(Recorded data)
=== Begin Enclosure ===

text \<open>Each mesonic polynomial O_alpha is a sum of monomials with coefficient one, so a monomial
  has a nonzero coefficient in O_alpha exactly when it occurs as a term. Relabelling colours by
  gamma in H and flavours by the induced permutation of the pairs {2m, 2m+1} shows that O_alpha is
  invariant under conjugation of alpha by H. Conversely, for N_f >= n and N_c >= 2n, O_alpha
  contains the diagonal monomial prod_k (Phi_(k div 2))_(k, alpha k), and any colour assignment
  producing this monomial in O_beta, extended by the identity, is an element of H conjugating beta
  to alpha. Hence the distinct O_alpha correspond to the H-orbits, each of them has a monomial
  that the others lack, and so they are linearly independent. Burnside's lemma counts the orbits;
  in the last sum the factor delta(Sigma_0 gamma Sigma_0 gamma^-1) restricts gamma to H.\<close>

section \<open>Burnside's lemma for a permutation group acting by conjugation\<close>

locale permutation_group =
  fixes A :: "'a set" and G :: "('a \<Rightarrow> 'a) set"
  assumes finite_domain: "finite A"
    and permutes_mem: "g \<in> G \<Longrightarrow> g permutes A"
    and id_mem: "id \<in> G"
    and comp_mem: "g \<in> G \<Longrightarrow> h \<in> G \<Longrightarrow> g \<circ> h \<in> G"
    and inv_mem: "g \<in> G \<Longrightarrow> inv g \<in> G"
begin

definition conj_orbit :: "('a \<Rightarrow> 'a) \<Rightarrow> ('a \<Rightarrow> 'a) set" where
  "conj_orbit p = {g \<circ> p \<circ> inv g | g. g \<in> G}"

definition centralizer :: "('a \<Rightarrow> 'a) \<Rightarrow> ('a \<Rightarrow> 'a) set" where
  "centralizer p = {g \<in> G. g \<circ> p \<circ> inv g = p}"

lemma finite_G: "finite G"
  using finite_permutations[OF finite_domain] by (rule finite_subset[rotated]) (auto dest: permutes_mem)

lemma inv_comp_cancel:
  assumes "g \<in> G" shows "inv g \<circ> g = id" and "g \<circ> inv g = id"
  using permutes_inv_o[OF permutes_mem[OF assms]] by auto

lemma conj_comp:
  assumes "g \<in> G" "h \<in> G"
  shows "(g \<circ> h) \<circ> p \<circ> inv (g \<circ> h) = g \<circ> (h \<circ> p \<circ> inv h) \<circ> inv g"
proof -
  have "bij g" "bij h" using assms permutes_bij permutes_mem by blast+
  then show ?thesis by (simp add: o_inv_distrib o_assoc)
qed

lemma conj_inv:
  assumes "g \<in> G"
  shows "inv g \<circ> (g \<circ> p \<circ> inv g) \<circ> inv (inv g) = p"
proof -
  have "inv g \<circ> (g \<circ> p \<circ> inv g) \<circ> inv (inv g) = (inv g \<circ> g) \<circ> p \<circ> (inv g \<circ> g)"
    by (simp add: permutes_inv_inv[OF permutes_mem[OF assms]] o_assoc)
  then show ?thesis by (simp add: inv_comp_cancel[OF assms])
qed

lemma conj_permutes: "g \<in> G \<Longrightarrow> p permutes A \<Longrightarrow> g \<circ> p \<circ> inv g permutes A"
  by (simp add: permutes_compose permutes_inv permutes_mem)

lemma conj_orbit_subset: "p permutes A \<Longrightarrow> conj_orbit p \<subseteq> {q. q permutes A}"
  unfolding conj_orbit_def using conj_permutes by blast

lemma conj_orbit_self: "p \<in> conj_orbit p"
  unfolding conj_orbit_def using id_mem by force

lemma finite_conj_orbit: "finite (conj_orbit p)"
proof -
  have "conj_orbit p = (\<lambda>g. g \<circ> p \<circ> inv g) ` G" unfolding conj_orbit_def by blast
  then show ?thesis using finite_G by simp
qed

=== End Enclosure ===

Task goal >> Type out the entries again, word for word.

Answer space >>
text \<open>Each mesonic polynomial O_alpha is a sum of monomials with coefficient one, so a monomial
  has a nonzero coefficient in O_alpha exactly when it occurs as a term. Relabelling colours by
  gamma in H and flavours by the induced permutation of the pairs {2m, 2m+1} shows that O_alpha is
  invariant under conjugation of alpha by H. Conversely, for N_f >= n and N_c >= 2n, O_alpha
  contains the diagonal monomial prod_k (Phi_(k div 2))_(k, alpha k), and any colour assignment
  producing this monomial in O_beta, extended by the identity, is an element of H conjugating beta
  to alpha. Hence the distinct O_alpha correspond to the H-orbits, each of them has a monomial
  that the others lack, and so they are linearly independent. Burnside's lemma counts the orbits;
  in the last sum the factor delta(Sigma_0 gamma Sigma_0 gamma^-1) restricts gamma to H.\<close>

section \<open>Burnside's lemma for a permutation group acting by conjugation\<close>

locale permutation_group =
  fixes A :: "'a set" and G :: "('a \<Rightarrow> 'a) set"
  assumes finite_domain: "finite A"
    and permutes_mem: "g \<in> G \<Longrightarrow> g permutes A"
    and id_mem: "id \<in> G"
    and comp_mem: "g \<in> G \<Longrightarrow> h \<in> G \<Longrightarrow> g \<circ> h \<in> G"
    and inv_mem: "g \<in> G \<Longrightarrow> inv g \<in> G"
begin

definition conj_orbit :: "('a \<Rightarrow> 'a) \<Rightarrow> ('a \<Rightarrow> 'a) set" where
  "conj_orbit p = {g \<circ> p \<circ> inv g | g. g \<in> G}"

definition centralizer :: "('a \<Rightarrow> 'a) \<Rightarrow> ('a \<Rightarrow> 'a) set" where
  "centralizer p = {g \<in> G. g \<circ> p \<circ> inv g = p}"

lemma finite_G: "finite G"
  using finite_permutations[OF finite_domain] by (rule finite_subset[rotated]) (auto dest: permutes_mem)

lemma inv_comp_cancel:
  assumes "g \<in> G" shows "inv g \<circ> g = id" and "g \<circ> inv g = id"
  using permutes_inv_o[OF permutes_mem[OF assms]] by auto

lemma conj_comp:
  assumes "g \<in> G" "h \<in> G"
  shows "(g \<circ> h) \<circ> p \<circ> inv (g \<circ> h) = g \<circ> (h \<circ> p \<circ> inv h) \<circ> inv g"
proof -
  have "bij g" "bij h" using assms permutes_bij permutes_mem by blast+
  then show ?thesis by (simp add: o_inv_distrib o_assoc)
qed

lemma conj_inv:
  assumes "g \<in> G"
  shows "inv g \<circ> (g \<circ> p \<circ> inv g) \<circ> inv (inv g) = p"
proof -
  have "inv g \<circ> (g \<circ> p \<circ> inv g) \<circ> inv (inv g) = (inv g \<circ> g) \<circ> p \<circ> (inv g \<circ> g)"
    by (simp add: permutes_inv_inv[OF permutes_mem[OF assms]] o_assoc)
  then show ?thesis by (simp add: inv_comp_cancel[OF assms])
qed

lemma conj_permutes: "g \<in> G \<Longrightarrow> p permutes A \<Longrightarrow> g \<circ> p \<circ> inv g permutes A"
  by (simp add: permutes_compose permutes_inv permutes_mem)

lemma conj_orbit_subset: "p permutes A \<Longrightarrow> conj_orbit p \<subseteq> {q. q permutes A}"
  unfolding conj_orbit_def using conj_permutes by blast

lemma conj_orbit_self: "p \<in> conj_orbit p"
  unfolding conj_orbit_def using id_mem by force

lemma finite_conj_orbit: "finite (conj_orbit p)"
proof -
  have "conj_orbit p = (\<lambda>g. g \<circ> p \<circ> inv g) ` G" unfolding conj_orbit_def by blast
  then show ?thesis using finite_G by simp
qed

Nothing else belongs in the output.